▶ _What you will do_
Only one stretch of the data below is needed. Output the lines from the one with "text \<open>Put \<open>e" up to and including the one with "l\<close> orthogonality of", exactly as they stand.

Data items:
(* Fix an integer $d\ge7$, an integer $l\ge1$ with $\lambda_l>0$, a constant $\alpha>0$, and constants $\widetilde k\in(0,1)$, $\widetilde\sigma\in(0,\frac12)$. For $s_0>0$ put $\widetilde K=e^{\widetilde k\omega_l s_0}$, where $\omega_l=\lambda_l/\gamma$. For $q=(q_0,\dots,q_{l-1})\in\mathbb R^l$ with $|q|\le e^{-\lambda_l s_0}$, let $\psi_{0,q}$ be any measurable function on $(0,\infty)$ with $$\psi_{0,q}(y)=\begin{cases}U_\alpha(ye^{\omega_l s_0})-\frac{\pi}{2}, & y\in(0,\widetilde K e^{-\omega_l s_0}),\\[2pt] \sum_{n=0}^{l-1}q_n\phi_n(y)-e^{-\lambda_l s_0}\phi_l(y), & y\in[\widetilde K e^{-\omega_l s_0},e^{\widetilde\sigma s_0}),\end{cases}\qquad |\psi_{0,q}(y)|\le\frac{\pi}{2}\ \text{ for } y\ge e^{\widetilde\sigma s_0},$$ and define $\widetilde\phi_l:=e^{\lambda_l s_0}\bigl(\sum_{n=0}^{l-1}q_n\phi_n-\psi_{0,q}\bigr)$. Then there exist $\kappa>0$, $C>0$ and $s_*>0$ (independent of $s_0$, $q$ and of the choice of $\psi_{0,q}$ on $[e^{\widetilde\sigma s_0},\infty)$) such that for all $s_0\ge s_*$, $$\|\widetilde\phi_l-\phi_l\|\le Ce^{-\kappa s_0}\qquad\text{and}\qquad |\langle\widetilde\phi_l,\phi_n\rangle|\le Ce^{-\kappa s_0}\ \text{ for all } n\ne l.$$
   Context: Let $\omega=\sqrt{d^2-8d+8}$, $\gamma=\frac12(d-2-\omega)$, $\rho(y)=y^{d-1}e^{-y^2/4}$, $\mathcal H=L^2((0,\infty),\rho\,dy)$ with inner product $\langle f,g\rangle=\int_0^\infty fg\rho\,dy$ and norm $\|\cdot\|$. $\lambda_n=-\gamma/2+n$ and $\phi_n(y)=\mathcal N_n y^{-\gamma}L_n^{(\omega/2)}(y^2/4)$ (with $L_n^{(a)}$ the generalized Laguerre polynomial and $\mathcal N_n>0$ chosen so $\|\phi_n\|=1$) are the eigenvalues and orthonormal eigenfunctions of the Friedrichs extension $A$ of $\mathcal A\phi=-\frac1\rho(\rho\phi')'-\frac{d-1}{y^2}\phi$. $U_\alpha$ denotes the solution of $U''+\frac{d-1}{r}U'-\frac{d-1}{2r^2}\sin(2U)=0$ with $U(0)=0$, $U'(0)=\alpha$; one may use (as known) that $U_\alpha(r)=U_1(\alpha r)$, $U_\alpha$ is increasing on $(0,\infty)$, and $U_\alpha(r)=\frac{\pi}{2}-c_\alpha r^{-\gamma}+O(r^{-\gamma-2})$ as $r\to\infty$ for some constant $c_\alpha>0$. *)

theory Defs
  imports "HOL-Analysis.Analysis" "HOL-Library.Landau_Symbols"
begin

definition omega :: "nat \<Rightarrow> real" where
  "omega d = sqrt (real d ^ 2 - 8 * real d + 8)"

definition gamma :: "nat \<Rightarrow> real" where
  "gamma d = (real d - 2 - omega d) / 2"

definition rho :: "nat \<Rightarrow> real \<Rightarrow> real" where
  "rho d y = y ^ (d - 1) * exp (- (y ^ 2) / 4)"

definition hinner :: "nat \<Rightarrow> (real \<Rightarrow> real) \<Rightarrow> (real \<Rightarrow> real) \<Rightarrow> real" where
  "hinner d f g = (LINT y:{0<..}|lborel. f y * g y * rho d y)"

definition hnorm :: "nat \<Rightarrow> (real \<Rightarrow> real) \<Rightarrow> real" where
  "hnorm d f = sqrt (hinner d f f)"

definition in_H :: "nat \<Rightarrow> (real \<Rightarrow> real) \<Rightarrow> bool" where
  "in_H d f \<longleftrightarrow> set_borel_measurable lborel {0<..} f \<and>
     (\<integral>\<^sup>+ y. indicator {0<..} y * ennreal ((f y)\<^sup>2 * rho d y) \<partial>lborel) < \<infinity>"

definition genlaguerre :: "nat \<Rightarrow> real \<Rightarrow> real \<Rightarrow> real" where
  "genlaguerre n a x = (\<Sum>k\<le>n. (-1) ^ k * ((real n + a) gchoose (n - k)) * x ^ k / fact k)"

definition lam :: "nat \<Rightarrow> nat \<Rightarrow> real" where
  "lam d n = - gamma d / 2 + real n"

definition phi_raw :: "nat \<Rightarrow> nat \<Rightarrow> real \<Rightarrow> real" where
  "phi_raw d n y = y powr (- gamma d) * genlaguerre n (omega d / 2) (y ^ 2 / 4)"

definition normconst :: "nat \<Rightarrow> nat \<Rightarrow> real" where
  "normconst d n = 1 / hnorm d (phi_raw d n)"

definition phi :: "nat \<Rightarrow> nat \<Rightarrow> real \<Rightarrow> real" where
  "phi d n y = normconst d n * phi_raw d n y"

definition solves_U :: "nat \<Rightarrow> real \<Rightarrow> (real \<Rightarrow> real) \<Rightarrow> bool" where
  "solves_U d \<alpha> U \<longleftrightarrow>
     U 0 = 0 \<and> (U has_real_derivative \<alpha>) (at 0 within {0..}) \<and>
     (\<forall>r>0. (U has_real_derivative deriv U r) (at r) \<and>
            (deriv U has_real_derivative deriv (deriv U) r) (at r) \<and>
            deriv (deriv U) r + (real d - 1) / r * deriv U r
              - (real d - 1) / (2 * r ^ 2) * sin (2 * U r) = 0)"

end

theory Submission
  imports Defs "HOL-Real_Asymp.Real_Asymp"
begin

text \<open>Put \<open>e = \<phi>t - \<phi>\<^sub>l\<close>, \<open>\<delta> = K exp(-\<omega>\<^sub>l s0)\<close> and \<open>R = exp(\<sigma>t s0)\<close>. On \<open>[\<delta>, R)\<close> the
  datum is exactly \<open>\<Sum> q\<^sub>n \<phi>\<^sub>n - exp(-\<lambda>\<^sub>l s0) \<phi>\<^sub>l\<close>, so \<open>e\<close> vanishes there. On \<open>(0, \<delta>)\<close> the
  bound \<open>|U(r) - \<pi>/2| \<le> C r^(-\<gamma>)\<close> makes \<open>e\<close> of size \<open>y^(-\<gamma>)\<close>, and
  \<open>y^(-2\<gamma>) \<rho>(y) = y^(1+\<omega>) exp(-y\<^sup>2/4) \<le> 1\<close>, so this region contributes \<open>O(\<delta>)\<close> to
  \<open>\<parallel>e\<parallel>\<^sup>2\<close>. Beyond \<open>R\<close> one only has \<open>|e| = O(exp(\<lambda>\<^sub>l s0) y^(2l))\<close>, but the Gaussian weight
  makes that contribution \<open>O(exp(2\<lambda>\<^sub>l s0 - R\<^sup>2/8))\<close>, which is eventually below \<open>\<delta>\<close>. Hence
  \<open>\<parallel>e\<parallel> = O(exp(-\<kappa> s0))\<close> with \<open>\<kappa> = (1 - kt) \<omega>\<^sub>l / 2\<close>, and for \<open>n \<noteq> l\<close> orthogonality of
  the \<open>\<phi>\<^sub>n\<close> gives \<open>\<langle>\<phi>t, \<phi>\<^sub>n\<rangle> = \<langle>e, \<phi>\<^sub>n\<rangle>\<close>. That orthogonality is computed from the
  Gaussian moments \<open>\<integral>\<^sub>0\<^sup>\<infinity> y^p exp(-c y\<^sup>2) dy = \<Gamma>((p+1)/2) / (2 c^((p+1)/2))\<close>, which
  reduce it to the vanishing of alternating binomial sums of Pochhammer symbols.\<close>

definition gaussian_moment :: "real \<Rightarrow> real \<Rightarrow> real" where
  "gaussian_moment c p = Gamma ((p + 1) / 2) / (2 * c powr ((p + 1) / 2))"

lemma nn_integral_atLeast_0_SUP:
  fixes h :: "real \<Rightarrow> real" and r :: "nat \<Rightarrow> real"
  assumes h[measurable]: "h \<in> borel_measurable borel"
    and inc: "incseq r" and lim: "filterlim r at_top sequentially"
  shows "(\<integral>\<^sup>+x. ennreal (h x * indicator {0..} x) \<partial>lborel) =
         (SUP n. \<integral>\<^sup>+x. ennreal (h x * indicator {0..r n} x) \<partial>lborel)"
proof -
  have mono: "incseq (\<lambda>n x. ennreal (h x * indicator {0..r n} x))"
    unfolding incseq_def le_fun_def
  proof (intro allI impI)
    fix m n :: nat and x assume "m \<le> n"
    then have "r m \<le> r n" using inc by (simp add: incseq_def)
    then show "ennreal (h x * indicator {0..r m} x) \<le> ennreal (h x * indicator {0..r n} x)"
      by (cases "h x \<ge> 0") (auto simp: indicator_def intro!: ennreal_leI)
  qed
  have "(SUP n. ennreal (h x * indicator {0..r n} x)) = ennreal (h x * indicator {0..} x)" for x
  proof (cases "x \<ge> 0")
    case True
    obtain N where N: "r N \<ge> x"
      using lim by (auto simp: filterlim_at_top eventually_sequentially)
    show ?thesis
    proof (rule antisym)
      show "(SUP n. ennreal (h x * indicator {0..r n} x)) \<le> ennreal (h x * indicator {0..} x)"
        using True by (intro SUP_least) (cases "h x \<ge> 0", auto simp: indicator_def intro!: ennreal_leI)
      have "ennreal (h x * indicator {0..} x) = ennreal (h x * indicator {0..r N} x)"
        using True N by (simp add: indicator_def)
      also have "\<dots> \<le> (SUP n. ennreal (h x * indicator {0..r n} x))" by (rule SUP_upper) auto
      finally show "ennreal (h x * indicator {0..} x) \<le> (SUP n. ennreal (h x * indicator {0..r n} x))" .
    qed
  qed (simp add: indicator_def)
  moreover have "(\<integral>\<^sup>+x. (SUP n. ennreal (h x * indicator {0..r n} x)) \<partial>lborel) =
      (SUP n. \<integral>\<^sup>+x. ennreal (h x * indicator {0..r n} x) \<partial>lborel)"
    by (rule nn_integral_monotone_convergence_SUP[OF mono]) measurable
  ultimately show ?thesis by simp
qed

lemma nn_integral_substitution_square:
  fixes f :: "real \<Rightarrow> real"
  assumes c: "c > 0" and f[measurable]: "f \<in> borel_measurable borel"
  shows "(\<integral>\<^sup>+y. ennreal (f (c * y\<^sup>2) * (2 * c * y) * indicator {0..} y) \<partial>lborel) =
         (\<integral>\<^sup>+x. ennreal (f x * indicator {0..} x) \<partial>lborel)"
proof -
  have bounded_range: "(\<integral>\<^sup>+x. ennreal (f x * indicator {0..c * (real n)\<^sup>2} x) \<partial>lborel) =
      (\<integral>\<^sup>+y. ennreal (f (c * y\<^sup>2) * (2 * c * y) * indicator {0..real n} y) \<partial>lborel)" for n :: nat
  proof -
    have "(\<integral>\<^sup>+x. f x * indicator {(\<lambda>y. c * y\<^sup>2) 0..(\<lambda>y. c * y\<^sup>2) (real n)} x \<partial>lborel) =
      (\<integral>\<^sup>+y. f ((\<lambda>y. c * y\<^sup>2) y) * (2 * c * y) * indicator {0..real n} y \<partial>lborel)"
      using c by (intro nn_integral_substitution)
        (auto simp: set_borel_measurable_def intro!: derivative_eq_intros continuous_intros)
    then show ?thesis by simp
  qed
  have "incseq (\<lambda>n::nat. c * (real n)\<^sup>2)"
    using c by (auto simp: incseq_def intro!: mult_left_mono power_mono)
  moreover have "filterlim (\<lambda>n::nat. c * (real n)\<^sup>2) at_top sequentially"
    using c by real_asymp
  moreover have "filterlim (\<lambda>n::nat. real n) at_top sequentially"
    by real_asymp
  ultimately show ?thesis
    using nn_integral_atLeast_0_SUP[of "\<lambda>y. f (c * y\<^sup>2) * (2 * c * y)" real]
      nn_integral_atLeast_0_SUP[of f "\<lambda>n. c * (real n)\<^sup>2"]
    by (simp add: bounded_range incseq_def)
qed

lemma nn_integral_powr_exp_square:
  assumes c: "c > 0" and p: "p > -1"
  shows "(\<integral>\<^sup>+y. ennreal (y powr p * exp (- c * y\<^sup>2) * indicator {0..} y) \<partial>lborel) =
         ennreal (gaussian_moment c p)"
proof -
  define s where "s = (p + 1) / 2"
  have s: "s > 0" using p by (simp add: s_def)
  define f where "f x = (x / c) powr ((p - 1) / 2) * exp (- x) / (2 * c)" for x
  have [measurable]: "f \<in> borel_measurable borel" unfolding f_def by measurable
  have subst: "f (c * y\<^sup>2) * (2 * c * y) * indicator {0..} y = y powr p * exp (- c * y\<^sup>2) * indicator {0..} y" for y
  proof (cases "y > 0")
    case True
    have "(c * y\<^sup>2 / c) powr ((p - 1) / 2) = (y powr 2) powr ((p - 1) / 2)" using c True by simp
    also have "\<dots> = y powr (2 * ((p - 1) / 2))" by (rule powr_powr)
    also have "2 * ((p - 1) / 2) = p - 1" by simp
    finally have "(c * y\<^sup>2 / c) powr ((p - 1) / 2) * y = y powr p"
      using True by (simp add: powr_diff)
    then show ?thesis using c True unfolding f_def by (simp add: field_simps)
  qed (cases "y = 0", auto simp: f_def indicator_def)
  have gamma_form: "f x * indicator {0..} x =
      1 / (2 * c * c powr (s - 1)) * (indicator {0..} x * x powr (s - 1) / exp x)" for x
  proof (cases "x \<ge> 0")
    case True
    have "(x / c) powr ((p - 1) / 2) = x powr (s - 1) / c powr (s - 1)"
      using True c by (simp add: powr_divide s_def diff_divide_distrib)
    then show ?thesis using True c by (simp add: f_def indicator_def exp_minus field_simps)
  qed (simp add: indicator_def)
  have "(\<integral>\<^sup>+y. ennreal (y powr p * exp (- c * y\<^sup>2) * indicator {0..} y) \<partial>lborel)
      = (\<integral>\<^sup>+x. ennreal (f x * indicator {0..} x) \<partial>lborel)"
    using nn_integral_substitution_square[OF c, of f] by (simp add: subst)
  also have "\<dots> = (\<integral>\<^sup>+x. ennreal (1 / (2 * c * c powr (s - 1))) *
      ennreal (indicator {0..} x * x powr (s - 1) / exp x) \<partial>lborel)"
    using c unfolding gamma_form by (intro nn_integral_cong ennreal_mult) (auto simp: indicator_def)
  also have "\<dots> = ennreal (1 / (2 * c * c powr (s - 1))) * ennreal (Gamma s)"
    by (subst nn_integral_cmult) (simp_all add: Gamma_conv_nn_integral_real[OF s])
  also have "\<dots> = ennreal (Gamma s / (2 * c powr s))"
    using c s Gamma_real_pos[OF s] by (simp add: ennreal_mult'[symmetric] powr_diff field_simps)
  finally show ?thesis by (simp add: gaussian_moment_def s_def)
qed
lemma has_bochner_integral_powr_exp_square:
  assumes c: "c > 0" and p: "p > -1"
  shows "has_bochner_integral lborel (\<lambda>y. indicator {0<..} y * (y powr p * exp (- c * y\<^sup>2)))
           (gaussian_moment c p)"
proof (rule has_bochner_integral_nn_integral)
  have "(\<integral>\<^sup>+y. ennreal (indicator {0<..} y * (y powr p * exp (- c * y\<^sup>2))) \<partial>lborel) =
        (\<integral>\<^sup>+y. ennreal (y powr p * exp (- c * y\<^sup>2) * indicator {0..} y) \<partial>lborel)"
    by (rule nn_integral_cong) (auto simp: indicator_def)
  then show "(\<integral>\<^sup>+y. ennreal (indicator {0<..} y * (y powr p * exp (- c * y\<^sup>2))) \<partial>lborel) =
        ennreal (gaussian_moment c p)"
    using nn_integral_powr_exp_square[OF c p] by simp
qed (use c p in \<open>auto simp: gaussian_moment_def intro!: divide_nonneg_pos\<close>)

▶ _Answer section_
text \<open>Put \<open>e = \<phi>t - \<phi>\<^sub>l\<close>, \<open>\<delta> = K exp(-\<omega>\<^sub>l s0)\<close> and \<open>R = exp(\<sigma>t s0)\<close>. On \<open>[\<delta>, R)\<close> the
  datum is exactly \<open>\<Sum> q\<^sub>n \<phi>\<^sub>n - exp(-\<lambda>\<^sub>l s0) \<phi>\<^sub>l\<close>, so \<open>e\<close> vanishes there. On \<open>(0, \<delta>)\<close> the
  bound \<open>|U(r) - \<pi>/2| \<le> C r^(-\<gamma>)\<close> makes \<open>e\<close> of size \<open>y^(-\<gamma>)\<close>, and
  \<open>y^(-2\<gamma>) \<rho>(y) = y^(1+\<omega>) exp(-y\<^sup>2/4) \<le> 1\<close>, so this region contributes \<open>O(\<delta>)\<close> to
  \<open>\<parallel>e\<parallel>\<^sup>2\<close>. Beyond \<open>R\<close> one only has \<open>|e| = O(exp(\<lambda>\<^sub>l s0) y^(2l))\<close>, but the Gaussian weight
  makes that contribution \<open>O(exp(2\<lambda>\<^sub>l s0 - R\<^sup>2/8))\<close>, which is eventually below \<open>\<delta>\<close>. Hence
  \<open>\<parallel>e\<parallel> = O(exp(-\<kappa> s0))\<close> with \<open>\<kappa> = (1 - kt) \<omega>\<^sub>l / 2\<close>, and for \<open>n \<noteq> l\<close> orthogonality of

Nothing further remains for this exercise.